His company has mostly acted as a merchant builder in recent years, developing a property, leasing it up and stabilizing it, and looking for opportunities to sell after a year and a half or so, Stabile said. That is getting harder to do, and some deals make more sense with a longer hold.

That is the case with a 128-unit townhouse development that company is preparing to develop in Boca Raton, Florida, Stabile said.

“We have a seven- to 10-year hold horizon on this particular asset,” he noted. “Fortunately, our investors also have a longer-term sort of outlook.”

Other adjustments to make the deal pencil included more equity and lower leverage, because the interest rates are high, Stabile said.

Interest rates may be a disincentive to build and sell, but they can also be something of an incentive to build and hold, according to Atkins Cos. principal Cory Atkins.

“At a high level, it probably makes more sense to hold a bit longer because right now, at a higher interest rate environment, it's not, it's just not the most advantageous environment,” Atkins said.
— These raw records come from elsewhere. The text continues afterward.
lemma append_mem_ins_ball_Suc:
  "y \<in> seqs q b \<Longrightarrow> w \<in> ins_ball q t b x \<Longrightarrow> y @ w \<in> ins_ball q (Suc t) b x"
  using append_mem_burst_ins by fastforce

lemma length_ins_ball: "z \<in> ins_ball q t b x \<Longrightarrow> length z = length x + t * b"
proof (induction t arbitrary: z)
  case (Suc t)
  then obtain u i y where "u \<in> ins_ball q t b x" "z = take i u @ y @ drop i u"
    "i \<le> length u" "y \<in> seqs q b"
    by (auto simp: mem_burst_ins_iff)
  with Suc.IH show ?case by (auto simp: seqs_def)
qed simp

lemma set_ins_ball_subset:
  "set x \<subseteq> {..<q} \<Longrightarrow> z \<in> ins_ball q t b x \<Longrightarrow> set z \<subseteq> {..<q}"
proof (induction t arbitrary: z)
  case (Suc t)
  then obtain u i y where u: "u \<in> ins_ball q t b x" "z = take i u @ y @ drop i u"
    "y \<in> seqs q b"
    by (auto simp: mem_burst_ins_iff)
  with Suc have "set u \<subseteq> {..<q}" by blast
  with u show ?case
    using set_take_subset[of i u] set_drop_subset[of i u] by (auto simp: seqs_def)
qed simp

lemma ins_ball_subset_seqs:
  "set x \<subseteq> {..<q} \<Longrightarrow> ins_ball q t b x \<subseteq> seqs q (length x + t * b)"
  using length_ins_ball set_ins_ball_subset unfolding seqs_def by blast

lemma finite_ins_ball: "set x \<subseteq> {..<q} \<Longrightarrow> finite (ins_ball q t b x)"
  using ins_ball_subset_seqs finite_seqs by (rule finite_subset)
That is true even for a previous darling of investors such as medical office buildings, which is his company's specialty, Atkins said.

The current uncertain environment mostly has an impact on the underwriting of deals, but less so on the actual management of a property, should a developer decide to hold an asset, Atkins said.

After all, larger developers tend to be sophisticated enough to have a property management division, or well-established relationships with property managers, and even smaller developers can hire management without too much difficulty, Atkins said.

Multifamily wasn't the only property type that merchant developers had been gung-ho about in recent years. Industrial had its day, too, but not so much anymore, Denholtz Properties CEO Steven Denholtz said.

“On the industrial side, people were building to a forecast and selling at three and a quarter cap,” Denholtz said. “With numbers like that, merchant building was the greatest thing ever. Those were big spreads. They don't exist any more.”

Long-term holders, which Denholtz said his company is, are now better suited for the current environment.

“Long-term holders know that building tomorrow is going to be more expensive than building today,” he said. “It just is. And so wherever you can get it built now, you build, if it makes financial sense.”

Not every developer or investor sees a definite end to merchant building, however. In the current environment, development is tougher than it used to be for everyone, and should interest rates moderate or the economy improve, there will still be an important place for merchant builders.

“Financing requests for development projects both from merchant builders and buy-and-hold developers have waned due to the increasing cost of financing,” BridgeInvest principal Alex Horn said. “With that being said, there's no discernible difference in loan requests between both strategies.”

BridgeInvest is a private real estate lender with $1.3B financed over the past decade, and according to Horn, the company is taking a countercyclical lending approach by still deploying capital for deals that meet its fundamental criteria.

Many merchant builders are still developing with an eye toward the future and the expectation that cost of financing will normalize and asset prices will rebound by the time of sale in three to five years, Horn said — betting that the future will go their way, in other words.

“This imbalance should correct itself — either investors will start coming back into the game as they become more comfortable with the economic outlook and values bounce back, or construction prices will drop,” Bonet said.

In any case, given the long timeline of some projects, they may still make sense for developers who believe that property values will recover in the medium-to-long term, by the time they need to divest from the property. 

“When coupled with the large demand from institutional buyers to own inflation-resistant real assets, the build-and-sell model can continue to flourish, even amid uncertain economic times,” Horn said.